# INFORMATION PROVIDED
(* Let $(P_n(x))_{n\ge0}$ be a sequence of polynomials such that $\sum_{n\ge0}P_n(x)\frac{t^n}{n!}=f(t)e^{xt}$ for some $f$ holomorphic at $0$ with $f(0)\neq0$, and such that $P_n(1-x)=(-1)^nP_n(x)$ for all $n\ge0$. Let $N$ be a positive integer. If the function $F(t)=f(t)-\sum_{k=0}^{N}B_k(0)\frac{t^k}{k!}$ is even, then $P_n(x)=B_n(x)$ for all $n\ge0$ and $f(t)=\frac{t}{e^t-1}$.
   Context: $B_n(x)$ denotes the Bernoulli polynomials, defined by $\sum_{n\ge0}B_n(x)\frac{t^n}{n!}=\frac{te^{xt}}{e^t-1}$; $B_k(0)$ are the Bernoulli numbers. *)

theory Defs
  imports "HOL-Complex_Analysis.Complex_Analysis"
          "HOL-Computational_Algebra.Polynomial"
          "HOL-Computational_Algebra.Formal_Power_Series"
begin

definition bernpoly :: "nat \<Rightarrow> complex \<Rightarrow> complex" where
  "bernpoly n x = fact n * fps_nth (fps_X * fps_exp x / (fps_exp 1 - 1)) n"

end

theory Submission
  imports Defs
begin

text \<open>The reflection \<open>P\<^sub>n(1 - x) = (-1)\<^sup>n P\<^sub>n(x)\<close> turns the generating function into the
  functional equation \<open>f(-t) = f(t) e\<^sup>t\<close>. The Bernoulli numbers satisfy \<open>b(-t) = b(t) + t\<close>
  for \<open>b(t) = t/(e\<^sup>t - 1)\<close>, so their Taylor polynomial of degree \<open>N \<ge> 1\<close> has odd part
  \<open>-t/2\<close>; evenness of \<open>F\<close> therefore gives \<open>f(-t) - f(t) = t\<close>. Together, \<open>f(t)(e\<^sup>t - 1) = t\<close>,
  which pins down \<open>f\<close> and, comparing power series coefficients, every \<open>P\<^sub>n\<close>.\<close>

definition bernoulli_egf :: "complex fps" where
  "bernoulli_egf = fps_X / (fps_exp 1 - 1)"

lemma fps_exp_one_minus_one_nonzero: "fps_exp (1::complex) - 1 \<noteq> 0"
proof
  assume "fps_exp (1::complex) - 1 = 0"
  hence "(fps_exp (1::complex) - 1) $ 1 = 0" by simp
  thus False by simp
qed

lemma subdegree_fps_exp_one_minus_one_le: "subdegree (fps_exp (1::complex) - 1) \<le> 1"
  by (intro subdegree_leI) simp

lemma fps_exp_one_minus_one_times_bernoulli_egf: "(fps_exp 1 - 1) * bernoulli_egf = fps_X"
  using fps_times_divide_eq[OF fps_exp_one_minus_one_nonzero] subdegree_fps_exp_one_minus_one_le
  by (simp add: bernoulli_egf_def mult.commute)

lemma bernpoly_conv_bernoulli_egf: "bernpoly n x = fact n * (fps_exp x * bernoulli_egf) $ n"
  using fps_divide_times2[of "fps_exp 1 - 1" fps_X "fps_exp x"] subdegree_fps_exp_one_minus_one_le
  by (simp add: bernpoly_def bernoulli_egf_def mult.commute)

lemma bernoulli_egf_compose_uminus: "bernoulli_egf oo - fps_X = bernoulli_egf + fps_X"
proof -
  let ?E = "fps_exp (1::complex)" and ?b = bernoulli_egf
  have "(fps_exp (-1) - 1) * (?b oo - fps_X) = - fps_X"
    using fps_compose_mult_distrib[of "- fps_X" "?E - 1" ?b]
    by (simp add: fps_exp_one_minus_one_times_bernoulli_egf fps_compose_sub_distrib)
  hence "?E * ((fps_exp (-1) - 1) * (?b oo - fps_X)) = - (?E * fps_X)"
    by simp
  moreover have "?E * fps_exp (-1) = 1"
    using fps_exp_add_mult[of "1::complex" "-1"] by simp
  ultimately have "(?E - 1) * (?b oo - fps_X) = ?E * fps_X"
    by (simp add: algebra_simps mult.assoc[symmetric])
  also have "\<dots> = (?E - 1) * ?b + (?E - 1) * fps_X"
    unfolding fps_exp_one_minus_one_times_bernoulli_egf by (simp add: algebra_simps)
  also have "\<dots> = (?E - 1) * (?b + fps_X)"
    by (rule distrib_left[symmetric])
  finally show ?thesis
    using fps_exp_one_minus_one_nonzero by simp
qed

lemma bernpoly_0_reflect: "(-1) ^ k * bernpoly k 0 = bernpoly k 0 + (if k = 1 then 1 else 0)"
proof -
  have "(bernoulli_egf oo - fps_X) $ k = (bernoulli_egf + fps_X) $ k"
    by (simp only: bernoulli_egf_compose_uminus)
  hence "(-1) ^ k * bernoulli_egf $ k = bernoulli_egf $ k + (if k = 1 then 1 else 0)"
    by (simp add: fps_compose_uminus')
  thus ?thesis
    by (simp add: bernpoly_conv_bernoulli_egf algebra_simps)
qed

lemma sum_bernpoly_0_uminus_diff:
  assumes "N > 0"
  shows "(\<Sum>k\<le>N. bernpoly k 0 * (- t) ^ k / fact k) - (\<Sum>k\<le>N. bernpoly k 0 * t ^ k / fact k) = t"
proof -
  have "(\<Sum>k\<le>N. bernpoly k 0 * (- t) ^ k / fact k) - (\<Sum>k\<le>N. bernpoly k 0 * t ^ k / fact k)
      = (\<Sum>k\<le>N. bernpoly k 0 * (- t) ^ k / fact k - bernpoly k 0 * t ^ k / fact k)"
    by (rule sum_subtractf[symmetric])
  also have "\<dots> = (\<Sum>k\<le>N. if k = 1 then t else 0)"
  proof (rule sum.cong[OF refl])
    fix k
    have "bernpoly k 0 * (- t) ^ k = ((-1) ^ k * bernpoly k 0) * t ^ k"
      by (subst power_minus) (simp add: mult_ac)
    hence "bernpoly k 0 * (- t) ^ k = (bernpoly k 0 + (if k = 1 then 1 else 0)) * t ^ k"
      by (simp only: bernpoly_0_reflect)
    thus "bernpoly k 0 * (- t) ^ k / fact k - bernpoly k 0 * t ^ k / fact k = (if k = 1 then t else 0)"
      by (simp add: distrib_right diff_divide_distrib[symmetric])
  qed
  also have "\<dots> = t"
    using assms by (simp add: sum.delta)
  finally show ?thesis .
qed

lemma has_fps_expansion_of_sums:
  fixes g :: "'a :: {banach, real_normed_field} \<Rightarrow> 'a"
  assumes "\<forall>\<^sub>F t in nhds 0. (\<lambda>n. c n * t ^ n) sums g t"
  shows "g has_fps_expansion Abs_fps c"
proof -
  obtain e where e: "e > 0" and sums: "\<And>t. dist t 0 < e \<Longrightarrow> (\<lambda>n. c n * t ^ n) sums g t"
    using assms unfolding eventually_nhds_metric by blast
  have "summable (\<lambda>n. c n * of_real (e / 2) ^ n)"
    using sums[of "of_real (e / 2)"] e by (auto simp: sums_iff)
  hence "ereal (e / 2) \<le> conv_radius c"
    using conv_radius_geI e by fastforce
  moreover have "ereal 0 < ereal (e / 2)"
    using e by simp
  ultimately have "0 < conv_radius c"
    unfolding zero_ereal_def by (rule order_less_le_trans[rotated])
  hence "fps_conv_radius (Abs_fps c) > 0"
    by (simp add: fps_conv_radius_def)
  moreover have "\<forall>\<^sub>F t in nhds 0. eval_fps (Abs_fps c) t = g t"
    using assms by eventually_elim (simp add: eval_fps_def sums_iff)
  ultimately show ?thesis
    by (simp add: has_fps_expansion_def)
qed

lemma egf_reflection_imp_exp_functional_eq:
  fixes P :: "nat \<Rightarrow> complex poly" and f :: "complex \<Rightarrow> complex"
  assumes gen: "\<And>x. \<forall>\<^sub>F t in nhds 0.
                 (\<lambda>n. poly (P n) x * t ^ n / fact n) sums (f t * exp (x * t))"
    and sym: "\<And>n x. poly (P n) (1 - x) = (-1) ^ n * poly (P n) x"
  shows "\<forall>\<^sub>F t in nhds 0. f (- t) = f t * exp t"
proof -
  have reflect: "(\<lambda>n. poly (P n) 0 * (- t) ^ n / fact n) = (\<lambda>n. poly (P n) 1 * t ^ n / fact n)"
    for t
    using sym[of _ 0] by (simp add: power_minus[of t] mult_ac)
  have "((\<lambda>t::complex. - t) \<longlongrightarrow> - 0) (nhds 0)"
    by (rule tendsto_minus[OF filterlim_ident])
  hence "\<forall>\<^sub>F t in nhds 0. (\<lambda>n. poly (P n) 0 * (- t) ^ n / fact n) sums f (- t)"
    using eventually_compose_filterlim[OF gen[of 0]] by simp
  then show ?thesis
    using gen[of 1]
  proof eventually_elim
    case (elim t)
    show ?case
      using sums_unique2[OF elim(1)[unfolded reflect] elim(2)] by simp
  qed
qed

lemma eventually_eq_t_div_exp_minus_one:
  fixes f :: "complex \<Rightarrow> complex"
  assumes "isCont f 0" and eq: "\<forall>\<^sub>F t in nhds 0. f t * (exp t - 1) = t"
  shows "\<forall>\<^sub>F t in nhds 0. f t = (if t = 0 then 1 else t / (exp t - 1))"
proof -
  have "((\<lambda>t. (exp t - exp 0) / (t - 0)) \<longlongrightarrow> exp (0::complex)) (at 0)"
    using DERIV_exp[of 0] by (simp only: has_field_derivative_iff)
  from tendsto_mult[OF assms(1)[unfolded isCont_def] this]
  have "((\<lambda>t. f t * ((exp t - 1) / t)) \<longlongrightarrow> f 0) (at 0)"
    by simp
  moreover have "\<forall>\<^sub>F t in at 0. f t * ((exp t - 1) / t) = 1"
    using eq unfolding eventually_at_filter by eventually_elim auto
  hence "((\<lambda>t. f t * ((exp t - 1) / t)) \<longlongrightarrow> 1) (at 0)"
    by (rule tendsto_eventually)
  ultimately have f0: "f 0 = 1"
    by (rule tendsto_unique[OF at_neq_bot])
  from eq show ?thesis
  proof eventually_elim
    case (elim t)
    show ?case
    proof (cases "t = 0")
      case False
      with elim have "exp t - 1 \<noteq> 0" by auto
      with elim False show ?thesis by (simp add: eq_divide_eq)
    qed (simp add: f0)
  qed
qed

lemma coeffs_eq_bernpoly:
  fixes f :: "complex \<Rightarrow> complex"
  assumes gen: "\<forall>\<^sub>F t in nhds 0. (\<lambda>n. a n * t ^ n / fact n) sums (f t * exp (x * t))"
    and eq: "\<forall>\<^sub>F t in nhds 0. f t * (exp t - 1) = t"
  shows "a n = bernpoly n x"
proof -
  define G where "G = Abs_fps (\<lambda>n. a n / fact n)"
  have "(\<lambda>t. f t * exp (x * t)) has_fps_expansion G"
    unfolding G_def using gen by (intro has_fps_expansion_of_sums) simp
  hence "(\<lambda>t. (exp t - 1) * (f t * exp (x * t))) has_fps_expansion (fps_exp 1 - 1) * G"
    by (intro fps_expansion_intros)
  moreover have "\<forall>\<^sub>F t in nhds 0. (exp t - 1) * (f t * exp (x * t)) = t * exp (x * t)"
    using eq by eventually_elim (simp add: mult_ac)
  ultimately have "(\<lambda>t. t * exp (x * t)) has_fps_expansion (fps_exp 1 - 1) * G"
    by (simp add: has_fps_expansion_cong)
  moreover have "(\<lambda>t. t * exp (x * t)) has_fps_expansion fps_X * fps_exp x"
    by (intro fps_expansion_intros)
  ultimately have "(fps_exp 1 - 1) * G = fps_X * fps_exp x"
    by (rule fps_expansion_unique_complex)
  also have "\<dots> = (fps_exp 1 - 1) * (fps_exp x * bernoulli_egf)"
    by (simp only: fps_exp_one_minus_one_times_bernoulli_egf[symmetric] mult_ac)
  finally have "G = fps_exp x * bernoulli_egf"
    by (simp only: mult_left_cancel[OF fps_exp_one_minus_one_nonzero])
  have "a n / fact n = G $ n"
    by (simp add: G_def)
  also note \<open>G = fps_exp x * bernoulli_egf\<close>
  finally show ?thesis
    by (simp add: bernpoly_conv_bernoulli_egf field_simps)
qed

theorem mainTheorem5:
  fixes P :: "nat \<Rightarrow> complex poly" and f :: "complex \<Rightarrow> complex" and N :: nat
  assumes f_hol: "f analytic_on {0}"
    and f0: "f 0 \<noteq> 0"
    and gen: "\<And>x. \<forall>\<^sub>F t in nhds 0.
                 (\<lambda>n. poly (P n) x * t ^ n / fact n) sums (f t * exp (x * t))"
    and sym: "\<And>n x. poly (P n) (1 - x) = (-1) ^ n * poly (P n) x"
    and N_pos: "N > 0"
    and F_even: "\<forall>\<^sub>F t in nhds 0.
                   f (- t) - (\<Sum>k\<le>N. bernpoly k 0 * (- t) ^ k / fact k)
                 = f t - (\<Sum>k\<le>N. bernpoly k 0 * t ^ k / fact k)"
  shows "(\<forall>n x. poly (P n) x = bernpoly n x)
       \<and> (\<forall>\<^sub>F t in nhds 0. f t = (if t = 0 then 1 else t / (exp t - 1)))"
proof -
  have "\<forall>\<^sub>F t in nhds 0. f t * (exp t - 1) = t"
    using egf_reflection_imp_exp_functional_eq[OF gen sym] F_even
  proof eventually_elim
    case (elim t)
    thus ?case
      using sum_bernpoly_0_uminus_diff[OF N_pos, of t] by (simp add: algebra_simps)
  qed
  thus ?thesis
    using coeffs_eq_bernpoly[OF gen]
      eventually_eq_t_div_exp_minus_one[OF analytic_at_imp_isCont[OF f_hol]]
    by blast
qed

end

# TASK DETAILS
Copy every line from the material in which the word "thus" can be found.

# WRITTEN ANSWER
  thus False by simp
  thus ?thesis
    thus "bernpoly k 0 * (- t) ^ k / fact k - bernpoly k 0 * t ^ k / fact k = (if k = 1 then t else 0)"
    thus ?case
  thus ?thesis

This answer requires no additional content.